(Collected data)

(* Let $M$ be a strong $r$-helix hypersurface in $E^n$ with unit normal vector field $N$ and space of helix directions $H(M)\subset\mathbb{R}^n$. Let $\alpha: I\subset\mathbb{R}\to M$ be a curve on $M$, and suppose there exists $d_j\in H(M)$ such that $d_j\notin T_pM$ for every $p=\alpha(t)$, $t\in I$. Let $\eta: M\to S^{n-1}$, $\eta(P)=N(P)$, be the Gauss transformation of $M$. Then the curve $\beta(t)=\eta(\alpha(t))=N|_{\alpha(t)}$ is not a geodesic curve on the unit hypersphere $S^{n-1}\subset E^n$.
   Context: $\langle\cdot,\cdot\rangle$ is the standard inner product on $E^n=\mathbb{R}^n$. For a hypersurface $M\subset\mathbb{R}^n$ with unit normal $N$, a vector $d$ is a helix direction of $M$ if the angle between $d$ and $T_pM$ is the same for all $p\in M$, equivalently $\langle N,d\rangle$ is constant on $M$. $H(M)$ is the set of helix directions; $M$ is a strong $r$-helix if $H(M)$ is an $r$-dimensional linear subspace of $\mathbb{R}^n$. A curve on $S^{n-1}$ is a geodesic of $S^{n-1}$ if its second derivative is normal to $S^{n-1}$ at each point. *)

theory Defs
  imports "HOL-Analysis.Analysis"
begin

text \<open>Ambient space E^n is a Euclidean space 'a with DIM('a) = n.
  Tangent space of a set M at p: velocities at 0 of differentiable curves in M through p.\<close>
definition tangent_space :: "'a::euclidean_space set \<Rightarrow> 'a \<Rightarrow> 'a set" where
  "tangent_space M p = {v. \<exists>\<gamma> e. e > 0 \<and> (\<forall>t\<in>{-e<..<e}. \<gamma> t \<in> M) \<and> \<gamma> 0 = p \<and>
                            (\<gamma> has_vector_derivative v) (at 0)}"

definition hypersurface :: "'a::euclidean_space set \<Rightarrow> ('a \<Rightarrow> 'a) \<Rightarrow> bool" where
  "hypersurface M N \<longleftrightarrow> M \<noteq> {} \<and> N differentiable_on M \<and>
     (\<forall>p\<in>M. subspace (tangent_space M p) \<and> dim (tangent_space M p) = DIM('a) - 1 \<and>
             norm (N p) = 1 \<and> (\<forall>v\<in>tangent_space M p. N p \<bullet> v = 0))"

definition helix_dirs :: "'a::euclidean_space set \<Rightarrow> ('a \<Rightarrow> 'a) \<Rightarrow> 'a set" where
  "helix_dirs M N = {d. \<exists>c. \<forall>p\<in>M. N p \<bullet> d = c}"

definition strong_helix :: "nat \<Rightarrow> 'a::euclidean_space set \<Rightarrow> ('a \<Rightarrow> 'a) \<Rightarrow> bool" where
  "strong_helix r M N \<longleftrightarrow> subspace (helix_dirs M N) \<and> dim (helix_dirs M N) = r"

text \<open>A (regular) geodesic of the unit sphere S^{n-1} on the parameter set I: the curve lies
  on the sphere, is twice differentiable with nonvanishing velocity, and its second
  derivative is normal to the sphere, i.e. orthogonal to T_q S^{n-1} = q^perp at q = beta t.\<close>
definition sphere_geodesic :: "(real \<Rightarrow> 'a::euclidean_space) \<Rightarrow> real set \<Rightarrow> bool" where
  "sphere_geodesic \<beta> I \<longleftrightarrow> (\<forall>t\<in>I. \<beta> t \<in> sphere 0 1) \<and>
     (\<exists>\<beta>' \<beta>''. \<forall>t\<in>I. (\<beta> has_vector_derivative \<beta>' t) (at t) \<and> \<beta>' t \<noteq> 0 \<and>
        (\<beta>' has_vector_derivative \<beta>'' t) (at t) \<and>
        (\<forall>v. v \<bullet> \<beta> t = 0 \<longrightarrow> \<beta>'' t \<bullet> v = 0))"

end

theory Submission
  imports Defs
begin

text \<open>Since d is a helix direction, \<open>\<langle>\<beta>, d\<rangle>\<close> is a constant c along \<open>\<beta> = N \<circ> \<alpha>\<close>, and
  c \<noteq> 0 because the tangent space is exactly the hyperplane orthogonal to N and d is not tangent.
  Differentiating twice gives \<open>\<langle>\<beta>'', d\<rangle> = 0\<close>. A geodesic of the sphere has \<open>\<beta>''\<close> parallel to
  \<open>\<beta>\<close>, so c \<noteq> 0 forces \<open>\<beta>'' = 0\<close>; but \<open>|\<beta>| = 1\<close> gives \<open>\<langle>\<beta>, \<beta>''\<rangle> = -|\<beta>'|\<^sup>2\<close>, so the
  velocity vanishes, which a regular geodesic forbids.\<close>

lemma has_real_derivative_inner:
  fixes f g :: "real \<Rightarrow> 'a::real_inner"
  assumes "(f has_vector_derivative f') (at t)" and "(g has_vector_derivative g') (at t)"
  shows "((\<lambda>s. f s \<bullet> g s) has_real_derivative (f t \<bullet> g' + f' \<bullet> g t)) (at t)"
proof -
  have "((\<lambda>s. f s \<bullet> g s) has_derivative (\<lambda>h. f t \<bullet> (h *\<^sub>R g') + (h *\<^sub>R f') \<bullet> g t)) (at t)"
    using has_derivative_inner[OF assms[unfolded has_vector_derivative_def]] .
  then show ?thesis
    unfolding has_field_derivative_def
    by (rule has_derivative_eq_rhs) (auto simp: algebra_simps)
qed

lemma has_real_derivative_constant_on_open:
  fixes g :: "real \<Rightarrow> real"
  assumes "(g has_real_derivative D) (at t)" and "open I" and "t \<in> I" and "\<forall>s\<in>I. g s = k"
  shows "D = 0"
proof -
  have "((\<lambda>s. k) has_real_derivative D) (at t)"
    using has_field_derivative_transform_within_open[OF assms(1-3)] assms(4) by auto
  then show ?thesis
    using DERIV_const DERIV_unique by blast
qed

lemma has_vector_derivative_inner_constant_on_open:
  fixes \<beta> :: "real \<Rightarrow> 'a::real_inner"
  assumes "(\<beta> has_vector_derivative \<beta>') (at t)" and "open I" and "t \<in> I"
    and "\<forall>s\<in>I. \<beta> s \<bullet> d = c"
  shows "\<beta>' \<bullet> d = 0"
  using has_real_derivative_constant_on_open[OF
      has_real_derivative_inner[OF assms(1) has_vector_derivative_const] assms(2-4)]
  by simp

lemma unit_curve_acceleration:
  fixes \<beta> :: "real \<Rightarrow> 'a::real_inner"
  assumes "open I" and "t \<in> I" and norm_one: "\<forall>s\<in>I. norm (\<beta> s) = 1"
    and velocity: "\<And>s. s \<in> I \<Longrightarrow> (\<beta> has_vector_derivative \<beta>' s) (at s)"
    and acceleration: "(\<beta>' has_vector_derivative \<beta>'') (at t)"
  shows "\<beta> t \<bullet> \<beta>'' = - (\<beta>' t \<bullet> \<beta>' t)"
proof -
  have "\<forall>s\<in>I. \<beta> s \<bullet> \<beta>' s = 0"
  proof
    fix s assume "s \<in> I"
    have "((\<lambda>s. \<beta> s \<bullet> \<beta> s) has_real_derivative (\<beta> s \<bullet> \<beta>' s + \<beta>' s \<bullet> \<beta> s)) (at s)"
      using has_real_derivative_inner[OF velocity velocity] \<open>s \<in> I\<close> by blast
    moreover have "\<forall>s\<in>I. \<beta> s \<bullet> \<beta> s = 1"
      using norm_one by (simp add: dot_square_norm)
    ultimately have "\<beta> s \<bullet> \<beta>' s + \<beta>' s \<bullet> \<beta> s = 0"
      by (rule has_real_derivative_constant_on_open[OF _ \<open>open I\<close> \<open>s \<in> I\<close>])
    then show "\<beta> s \<bullet> \<beta>' s = 0"
      by (simp add: inner_commute)
  qed
  moreover have "((\<lambda>s. \<beta> s \<bullet> \<beta>' s) has_real_derivative (\<beta> t \<bullet> \<beta>'' + \<beta>' t \<bullet> \<beta>' t)) (at t)"
    using has_real_derivative_inner[OF velocity[OF \<open>t \<in> I\<close>] acceleration] .
  ultimately have "\<beta> t \<bullet> \<beta>'' + \<beta>' t \<bullet> \<beta>' t = 0"
    using has_real_derivative_constant_on_open[OF _ \<open>open I\<close> \<open>t \<in> I\<close>] by blast
  then show ?thesis
    by simp
qed

lemma normal_to_hyperplane_eq_zero:
  fixes x b d :: "'a::real_inner"
  assumes normal: "\<forall>v. v \<bullet> b = 0 \<longrightarrow> x \<bullet> v = 0" and "x \<bullet> d = 0" and "b \<bullet> d \<noteq> 0"
  shows "x = 0"
proof -
  define v where "v = (b \<bullet> d) *\<^sub>R x - (x \<bullet> b) *\<^sub>R d"
  have "v \<bullet> b = 0"
    unfolding v_def by (simp add: inner_diff_left inner_commute[of d b])
  then have "x \<bullet> v = 0"
    using normal by blast
  then have "(b \<bullet> d) * (x \<bullet> x) = 0"
    using \<open>x \<bullet> d = 0\<close> unfolding v_def by (simp add: inner_diff_right)
  then show ?thesis
    using \<open>b \<bullet> d \<noteq> 0\<close> by simp
qed

lemma hypersurface_tangent_space_eq:
  assumes "hypersurface M N" and "p \<in> M"
  shows "tangent_space M p = {x. N p \<bullet> x = 0}"
proof -
  have "subspace (tangent_space M p)" and "dim (tangent_space M p) = DIM('a) - 1"
    and "N p \<noteq> 0" and "tangent_space M p \<subseteq> {x. N p \<bullet> x = 0}"
    using assms unfolding hypersurface_def by auto
  then show ?thesis
    by (intro subspace_dim_equal subspace_hyperplane) (simp_all add: dim_hyperplane)
qed

lemma hypersurface_normal_inner_nonzero:
  assumes "hypersurface M N" and "p \<in> M" and "d \<notin> tangent_space M p"
  shows "N p \<bullet> d \<noteq> 0"
  using assms hypersurface_tangent_space_eq by blast

theorem theorem3p3:
  fixes M :: "'a::euclidean_space set" and N :: "'a \<Rightarrow> 'a"
    and \<alpha> :: "real \<Rightarrow> 'a" and I :: "real set" and r :: nat and dj :: 'a
  assumes "DIM('a) \<ge> 2"
    and "hypersurface M N"
    and "strong_helix r M N"
    and "is_interval I" and "open I" and "I \<noteq> {}"
    and "\<alpha> ` I \<subseteq> M" and "\<alpha> differentiable_on I"
    and "dj \<in> helix_dirs M N"
    and "\<forall>t\<in>I. dj \<notin> tangent_space M (\<alpha> t)"
  shows "\<not> sphere_geodesic (\<lambda>t. N (\<alpha> t)) I"
proof
  define \<beta> where "\<beta> = (\<lambda>t. N (\<alpha> t))"
  assume "sphere_geodesic (\<lambda>t. N (\<alpha> t)) I"
  then have sphere: "\<forall>t\<in>I. norm (\<beta> t) = 1"
    and "\<exists>\<beta>' \<beta>''. \<forall>t\<in>I. (\<beta> has_vector_derivative \<beta>' t) (at t) \<and> \<beta>' t \<noteq> 0 \<and>
        (\<beta>' has_vector_derivative \<beta>'' t) (at t) \<and> (\<forall>v. v \<bullet> \<beta> t = 0 \<longrightarrow> \<beta>'' t \<bullet> v = 0)"
    unfolding sphere_geodesic_def \<beta>_def by auto
  then obtain \<beta>' \<beta>'' where geodesic: "\<And>t. t \<in> I \<Longrightarrow>
      (\<beta> has_vector_derivative \<beta>' t) (at t) \<and> \<beta>' t \<noteq> 0 \<and>
      (\<beta>' has_vector_derivative \<beta>'' t) (at t) \<and> (\<forall>v. v \<bullet> \<beta> t = 0 \<longrightarrow> \<beta>'' t \<bullet> v = 0)"
    by blast
  obtain t0 where "t0 \<in> I"
    using \<open>I \<noteq> {}\<close> by blast
  obtain c where height: "\<forall>t\<in>I. \<beta> t \<bullet> dj = c"
    using \<open>dj \<in> helix_dirs M N\<close> \<open>\<alpha> ` I \<subseteq> M\<close> unfolding helix_dirs_def \<beta>_def by blast
  have "\<beta> t0 \<bullet> dj \<noteq> 0"
    using hypersurface_normal_inner_nonzero assms(2,7,10) \<open>t0 \<in> I\<close> unfolding \<beta>_def by blast
  have "\<forall>t\<in>I. \<beta>' t \<bullet> dj = 0"
    using has_vector_derivative_inner_constant_on_open[OF _ \<open>open I\<close> _ height] geodesic by blast
  then have "\<beta>'' t0 \<bullet> dj = 0"
    using has_vector_derivative_inner_constant_on_open[OF _ \<open>open I\<close> \<open>t0 \<in> I\<close>] geodesic[OF \<open>t0 \<in> I\<close>]
    by blast
  then have "\<beta>'' t0 = 0"
    using normal_to_hyperplane_eq_zero geodesic[OF \<open>t0 \<in> I\<close>] \<open>\<beta> t0 \<bullet> dj \<noteq> 0\<close> by blast
  moreover have "\<beta> t0 \<bullet> \<beta>'' t0 = - (\<beta>' t0 \<bullet> \<beta>' t0)"
    using unit_curve_acceleration[OF \<open>open I\<close> \<open>t0 \<in> I\<close> sphere] geodesic \<open>t0 \<in> I\<close> by blast
  ultimately show False
    using geodesic[OF \<open>t0 \<in> I\<close>] by simp
qed

end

** About this task **
From the entries above, write out only the lines starting at the line that holds "by (rule has_real_derivative_constant_on_open[OF" and ending at the line that holds "p \<bullet> d \<noteq>", keeping both and matching them exactly.

** Result of this task **
      by (rule has_real_derivative_constant_on_open[OF _ \<open>open I\<close> \<open>s \<in> I\<close>])
    then show "\<beta> s \<bullet> \<beta>' s = 0"
      by (simp add: inner_commute)
  qed
  moreover have "((\<lambda>s. \<beta> s \<bullet> \<beta>' s) has_real_derivative (\<beta> t \<bullet> \<beta>'' + \<beta>' t \<bullet> \<beta>' t)) (at t)"
    using has_real_derivative_inner[OF velocity[OF \<open>t \<in> I\<close>] acceleration] .
  ultimately have "\<beta> t \<bullet> \<beta>'' + \<beta>' t \<bullet> \<beta>' t = 0"
    using has_real_derivative_constant_on_open[OF _ \<open>open I\<close> \<open>t \<in> I\<close>] by blast
  then show ?thesis
    by simp
qed

lemma normal_to_hyperplane_eq_zero:
  fixes x b d :: "'a::real_inner"
  assumes normal: "\<forall>v. v \<bullet> b = 0 \<longrightarrow> x \<bullet> v = 0" and "x \<bullet> d = 0" and "b \<bullet> d \<noteq> 0"
  shows "x = 0"
proof -
  define v where "v = (b \<bullet> d) *\<^sub>R x - (x \<bullet> b) *\<^sub>R d"
  have "v \<bullet> b = 0"
    unfolding v_def by (simp add: inner_diff_left inner_commute[of d b])
  then have "x \<bullet> v = 0"
    using normal by blast
  then have "(b \<bullet> d) * (x \<bullet> x) = 0"
    using \<open>x \<bullet> d = 0\<close> unfolding v_def by (simp add: inner_diff_right)
  then show ?thesis
    using \<open>b \<bullet> d \<noteq> 0\<close> by simp
qed

lemma hypersurface_tangent_space_eq:
  assumes "hypersurface M N" and "p \<in> M"
  shows "tangent_space M p = {x. N p \<bullet> x = 0}"
proof -
  have "subspace (tangent_space M p)" and "dim (tangent_space M p) = DIM('a) - 1"
    and "N p \<noteq> 0" and "tangent_space M p \<subseteq> {x. N p \<bullet> x = 0}"
    using assms unfolding hypersurface_def by auto
  then show ?thesis
    by (intro subspace_dim_equal subspace_hyperplane) (simp_all add: dim_hyperplane)
qed

lemma hypersurface_normal_inner_nonzero:
  assumes "hypersurface M N" and "p \<in> M" and "d \<notin> tangent_space M p"
  shows "N p \<bullet> d \<noteq> 0"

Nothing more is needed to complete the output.